During the year and a half that we went around together, Allie showed me that girls worry just as much about impressing boys as boys do about girls. Sometimes more so. It’s just that boys are like weasels in their curiosity and their pleasure, being wired directly. Girls are more like kittens or butterflies, being wired obliquely.
Alice also taught me that a beautiful girl needs love and companionship, just as much as a plain one. Often more so. You see, a heartbreaker like Alice, even if she’s never done a thing, soon gets a reputation among the boys: She is at once a whore and unattainable. A whore because sex is all they can think about when they see her. Unattainable because they are intimidated by her and by the others they are sure compete for her attentions. A truly beautiful and sexy woman frustrates—and so angers—the average man, who usually thinks himself homely and unworthy.
After a couple of months of straightening her feet and uncrooking her wrists on the twist punches, I was seeing Allie as just another goofball white belt who had a long way to go before she’d be any good at karate, if ever. Then I could love her: She had become a definite person, not just a beautiful face and body in the abstract.
I soon discovered that Allie also had a head, as well as a cutting sense of humor. With her, boys and boyish conceits were all presumed to be just a little absurd. So when I told her about becoming an international jewel thief, she just laughed.
“You’d be caught in two minutes, Jay.
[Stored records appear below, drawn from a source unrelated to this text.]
(* Let $k$ be an integer. (1) Any root quadruple $\mathbf a=(a,b,c,d)$ with $Q_{\mathcal D}(\mathbf a)=k$, $a\le b\le c\le d$ and $L(\mathbf a)>0$ satisfies $0\le b\le c\le d$; moreover, if $k>0$ then $a<0$, and if $k\le0$ then $a\le\sqrt{|k|}$. (2) For each pair of integers $(k,-n)$ there are only finitely many root quadruples $\mathbf a=(a,b,c,d)$, $a\le b\le c\le d$, with $Q_{\mathcal D}(\mathbf a)=k$ and $a=-n$, except for the pairs $(k,-n)=(4l^2,-l)$ with $l\ge0$; for each such exceptional pair there is an infinite family of root quadruples $\{(-l,l,c,c):c\ge\max(l,1)\}$.
   Context: $Q_{\mathcal D}(a,b,c,d)=2(a^2+b^2+c^2+d^2)-(a+b+c+d)^2$, $L(\mathbf a)=a+b+c+d$, $|\mathbf a|=|a|+|b|+|c|+|d|$. $\mathbf S_i$ ($i=1,\dots,4$) is the integer matrix replacing the $i$-th coordinate $a_i$ of a quadruple by $2\sum_{j\ne i}a_j-a_i$, other coordinates fixed. An integer quadruple is reduced if no $\mathbf S_i$ strictly decreases $|\cdot|$. A reduced quadruple ordered as $a\le b\le c\le d$ with $L\ge 0$ is a root quadruple if $a+b+c\ge d>0$; a reduced quadruple with $L<0$ is a root quadruple if $(-d,-c,-b,-a)$ is one. *)

theory Defs
  imports Complex_Main
begin

type_synonym quad = "int \<times> int \<times> int \<times> int"

definition QD :: "quad \<Rightarrow> int" where
  "QD q = (case q of (a,b,c,d) \<Rightarrow> 2*(a^2+b^2+c^2+d^2) - (a+b+c+d)^2)"

definition Lsum :: "quad \<Rightarrow> int" where
  "Lsum q = (case q of (a,b,c,d) \<Rightarrow> a+b+c+d)"

definition norm1 :: "quad \<Rightarrow> int" where
  "norm1 q = (case q of (a,b,c,d) \<Rightarrow> \<bar>a\<bar>+\<bar>b\<bar>+\<bar>c\<bar>+\<bar>d\<bar>)"

definition S :: "nat \<Rightarrow> quad \<Rightarrow> quad" where
  "S i q = (case q of (a,b,c,d) \<Rightarrow>
     (if i = 1 then (2*(b+c+d) - a, b, c, d)
      else if i = 2 then (a, 2*(a+c+d) - b, c, d)
      else if i = 3 then (a, b, 2*(a+b+d) - c, d)
      else if i = 4 then (a, b, c, 2*(a+b+c) - d)
      else (a,b,c,d)))"

definition reduced :: "quad \<Rightarrow> bool" where
  "reduced q \<longleftrightarrow> (\<forall>i\<in>{1..4::nat}. \<not> norm1 (S i q) < norm1 q)"

definition root_nonneg :: "int \<Rightarrow> int \<Rightarrow> int \<Rightarrow> int \<Rightarrow> bool" where
  "root_nonneg a b c d \<longleftrightarrow> a \<le> b \<and> b \<le> c \<and> c \<le> d \<and> reduced (a,b,c,d)
     \<and> Lsum (a,b,c,d) \<ge> 0 \<and> a + b + c \<ge> d \<and> d > 0"

definition root_quad :: "int \<Rightarrow> int \<Rightarrow> int \<Rightarrow> int \<Rightarrow> bool" where
  "root_quad a b c d \<longleftrightarrow> root_nonneg a b c d \<or>
     (a \<le> b \<and> b \<le> c \<and> c \<le> d \<and> reduced (a,b,c,d) \<and> Lsum (a,b,c,d) < 0
      \<and> root_nonneg (-d) (-c) (-b) (-a))"

end

theory Submission
  imports Defs
begin

text \<open>Write \<open>e = a + b + c - d\<close>. Then \<open>Q\<^sub>D(a,b,c,d) = e\<^sup>2 + 4a\<^sup>2 - 4(a+b)(a+c)\<close>, and for a
  root quadruple with \<open>L \<ge> 0\<close> the ordering together with \<open>d \<le> a + b + c\<close> gives
  \<open>0 \<le> e \<le> a + b \<le> a + c\<close>, hence \<open>3(a+b)(a+c) \<le> 4a\<^sup>2 - k\<close>. For \<open>a \<ge> 0\<close> this yields
  \<open>8a\<^sup>2 \<le> -k\<close>; for fixed \<open>a\<close> it bounds \<open>c\<close> (and so \<open>b\<close> and \<open>d\<close>) unless \<open>a + b = 0\<close>, which
  forces \<open>e = 0\<close>, i.e. the exceptional family \<open>(-l, l, c, c)\<close> with \<open>k = 4l\<^sup>2\<close>. A root
  quadruple with \<open>L < 0\<close> has \<open>a < 0\<close> and all its coordinates in \<open>[a, -a]\<close>.\<close>

lemma QD_eq_excess: "QD (a,b,c,d) = (a+b+c-d)^2 + 4*a^2 - 4*((a+b)*(a+c))"
  unfolding QD_def by (simp add: power2_eq_square algebra_simps)

lemma root_nonneg_excess:
  assumes "root_nonneg a b c d"
  shows "0 \<le> a+b+c-d" and "a+b+c-d \<le> a+b"
  using assms unfolding root_nonneg_def by auto

lemma root_nonneg_QD_bound:
  assumes "root_nonneg a b c d"
  shows "3*((a+b)*(a+c)) \<le> 4*a^2 - QD (a,b,c,d)"
proof -
  define e where "e = a+b+c-d"
  have e: "0 \<le> e" "e \<le> a+b" using root_nonneg_excess[OF assms] unfolding e_def by auto
  have "e^2 \<le> (a+b)^2" using e by (simp add: power_mono)
  also have "\<dots> \<le> (a+b)*(a+c)"
    using e assms unfolding root_nonneg_def power2_eq_square by (simp add: mult_left_mono)
  finally show ?thesis unfolding QD_eq_excess e_def[symmetric] by linarith
qed

lemma root_nonneg_second_nonneg:
  assumes "root_nonneg a b c d"
  shows "0 \<le> b"
  using root_nonneg_excess[OF assms] assms unfolding root_nonneg_def by linarith

lemma root_nonneg_first_nonneg_QD:
  assumes "root_nonneg a b c d" and "0 \<le> a"
  shows "8*a^2 \<le> - QD (a,b,c,d)"
proof -
  have "2*a \<le> a+b" "2*a \<le> a+c" using assms unfolding root_nonneg_def by auto
  then have "(2*a)*(2*a) \<le> (a+b)*(a+c)" using assms(2) by (intro mult_mono) auto
  then show ?thesis using root_nonneg_QD_bound[OF assms(1)] by (simp add: power2_eq_square)
qed

lemma root_nonneg_sign_bounds:
  assumes "root_nonneg a b c d"
  shows "0 < QD (a,b,c,d) \<Longrightarrow> a < 0"
    and "QD (a,b,c,d) \<le> 0 \<Longrightarrow> real_of_int a \<le> sqrt (real_of_int \<bar>QD (a,b,c,d)\<bar>)"
proof -
  show "0 < QD (a,b,c,d) \<Longrightarrow> a < 0"
    using root_nonneg_first_nonneg_QD[OF assms] by (smt (verit) zero_le_power2)
  show "real_of_int a \<le> sqrt (real_of_int \<bar>QD (a,b,c,d)\<bar>)"
  proof (cases "a < 0")
    case False
    then have "a^2 \<le> \<bar>QD (a,b,c,d)\<bar>"
      using root_nonneg_first_nonneg_QD[OF assms] by (smt (verit) zero_le_power2)
    then have "real_of_int a ^ 2 \<le> real_of_int \<bar>QD (a,b,c,d)\<bar>"
      by (metis of_int_le_iff of_int_power)
    then show ?thesis by (rule real_le_rsqrt)
  qed (smt (verit) of_int_less_0_iff real_sqrt_ge_zero)
qed

lemma root_nonneg_degenerate:
  assumes "root_nonneg a b c d" and "a + b = 0"
  shows "d = c" and "QD (a,b,c,d) = 4*a^2"
proof -
  show "d = c" using root_nonneg_excess[OF assms(1)] assms unfolding root_nonneg_def by linarith
  then show "QD (a,b,c,d) = 4*a^2" using assms(2) unfolding QD_eq_excess by simp
qed

lemma root_nonneg_third_bound:
  assumes "root_nonneg a b c d" and "0 < a + b"
  shows "c \<le> 4*a^2 - QD (a,b,c,d) - a"
proof -
  have "b \<le> c" using assms(1) unfolding root_nonneg_def by simp
  moreover have "a + c \<le> (a+b)*(a+c)"
    using assms \<open>b \<le> c\<close> by (simp add: mult_le_cancel_right1)
  ultimately show ?thesis using assms(2) root_nonneg_QD_bound[OF assms(1)] by linarith
qed

lemma root_quad_pos_Lsum:
  assumes "root_quad a b c d" and "0 < Lsum (a,b,c,d)"
  shows "root_nonneg a b c d"
  using assms unfolding root_quad_def by auto

lemma root_quad_bounded:
  assumes "root_quad a b c d" and "\<not> (a \<le> 0 \<and> QD (a,b,c,d) = 4*a^2)"
  shows "{b, c, d} \<subseteq> {a .. \<bar>a\<bar> + 8*a^2 + 2*\<bar>QD (a,b,c,d)\<bar>}"
  using assms(1) unfolding root_quad_def
proof (elim disjE conjE)
  assume root: "root_nonneg a b c d"
  have "a + b \<noteq> 0" using root_nonneg_degenerate[OF root] assms(2) root_nonneg_second_nonneg[OF root]
    by force
  then have "0 < a + b" using root_nonneg_excess[OF root] by linarith
  with root_nonneg_third_bound[OF root] show ?thesis
    using root unfolding root_nonneg_def by auto
next
  assume "a \<le> b" "b \<le> c" "c \<le> d" and root: "root_nonneg (-d) (-c) (-b) (-a)"
  have "c \<le> 0" using root_nonneg_second_nonneg[OF root] by simp
  moreover have "b + c + d \<le> a" using root unfolding root_nonneg_def by simp
  moreover have "-a \<le> \<bar>a\<bar> + 8*a^2 + 2*\<bar>QD (a,b,c,d)\<bar>"
    by (smt (verit) abs_ge_self zero_le_power2)
  ultimately show ?thesis using \<open>a \<le> b\<close> \<open>b \<le> c\<close> \<open>c \<le> d\<close>
    unfolding insert_subset atLeastAtMost_iff by (intro conjI empty_subsetI; linarith)
qed

lemma finite_root_quads_first:
  assumes "\<not> (n \<ge> 0 \<and> k = 4*n^2)"
  shows "finite {(a,b,c,d). root_quad a b c d \<and> QD (a,b,c,d) = k \<and> a = -n}"
proof (rule finite_subset)
  define I where "I = {-n .. \<bar>n\<bar> + 8*n^2 + 2*\<bar>k\<bar>}"
  show "{(a,b,c,d). root_quad a b c d \<and> QD (a,b,c,d) = k \<and> a = -n} \<subseteq> {-n} \<times> I \<times> I \<times> I"
    using root_quad_bounded assms unfolding I_def by fastforce
  show "finite ({-n} \<times> I \<times> I \<times> I)" unfolding I_def by simp
qed

lemma root_quad_exceptional:
  assumes "0 \<le> l" and "max l 1 \<le> c"
  shows "root_quad (-l) l c c" and "QD (-l,l,c,c) = 4*l^2"
proof -
  have "reduced (-l,l,c,c)"
    unfolding reduced_def
  proof
    fix i :: nat assume "i \<in> {1..4}"
    then have "i = 1 \<or> i = 2 \<or> i = 3 \<or> i = 4" by auto
    then show "\<not> norm1 (S i (-l,l,c,c)) < norm1 (-l,l,c,c)"
      using assms unfolding S_def norm1_def by auto
  qed
  then show "root_quad (-l) l c c"
    using assms unfolding root_quad_def root_nonneg_def Lsum_def by auto
  show "QD (-l,l,c,c) = 4*l^2" unfolding QD_def by (simp add: power2_eq_square algebra_simps)
qed

theorem theorem3p3:
  fixes k :: int
  shows "(\<forall>a b c d. root_quad a b c d \<and> QD (a,b,c,d) = k \<and> a \<le> b \<and> b \<le> c \<and> c \<le> d
            \<and> Lsum (a,b,c,d) > 0 \<longrightarrow>
            0 \<le> b \<and> b \<le> c \<and> c \<le> d
            \<and> (k > 0 \<longrightarrow> a < 0)
            \<and> (k \<le> 0 \<longrightarrow> real_of_int a \<le> sqrt (real_of_int \<bar>k\<bar>)))
       \<and> (\<forall>n::int. \<not> (\<exists>l::int. l \<ge> 0 \<and> k = 4 * l^2 \<and> n = l) \<longrightarrow>
            finite {(a,b,c,d). root_quad a b c d \<and> QD (a,b,c,d) = k \<and> a = -n})
       \<and> (\<forall>l::int. l \<ge> 0 \<and> k = 4 * l^2 \<longrightarrow>
            (\<forall>c::int. c \<ge> max l 1 \<longrightarrow> root_quad (-l) l c c \<and> QD (-l,l,c,c) = k))"
proof (intro conjI allI impI; (elim conjE)?)
  fix a b c d
  assume "root_quad a b c d" "QD (a,b,c,d) = k" "b \<le> c" "c \<le> d" "Lsum (a,b,c,d) > 0"
  then show "0 \<le> b" "b \<le> c" "c \<le> d" "k > 0 \<Longrightarrow> a < 0"
    "k \<le> 0 \<Longrightarrow> real_of_int a \<le> sqrt (real_of_int \<bar>k\<bar>)"
    using root_quad_pos_Lsum root_nonneg_second_nonneg root_nonneg_sign_bounds by blast+
next
  fix n :: int
  assume "\<not> (\<exists>l. l \<ge> 0 \<and> k = 4 * l^2 \<and> n = l)"
  then show "finite {(a,b,c,d). root_quad a b c d \<and> QD (a,b,c,d) = k \<and> a = -n}"
    using finite_root_quads_first by blast
qed (use root_quad_exceptional in auto)

end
You’re too basically honest, aren’t you, to creep into people’s houses and take their things? Besides, if you were
really
interested in becoming a jewel thief, you’d study gems, not locks, because you don’t know a thing about diamonds or emeralds. You don’t know much about being a thief, either, because nobody locks up her jewels with a padlock, f’gosh sakes. It’s either a safe with a combination, or a bank vault. So you’d have to study dynamite and demolition. Risky, dear. … Study business or law instead. With your wits and quick mouth, you’d be good at them.”
And then she would show me what else a mouth was good for. That was a nice summer.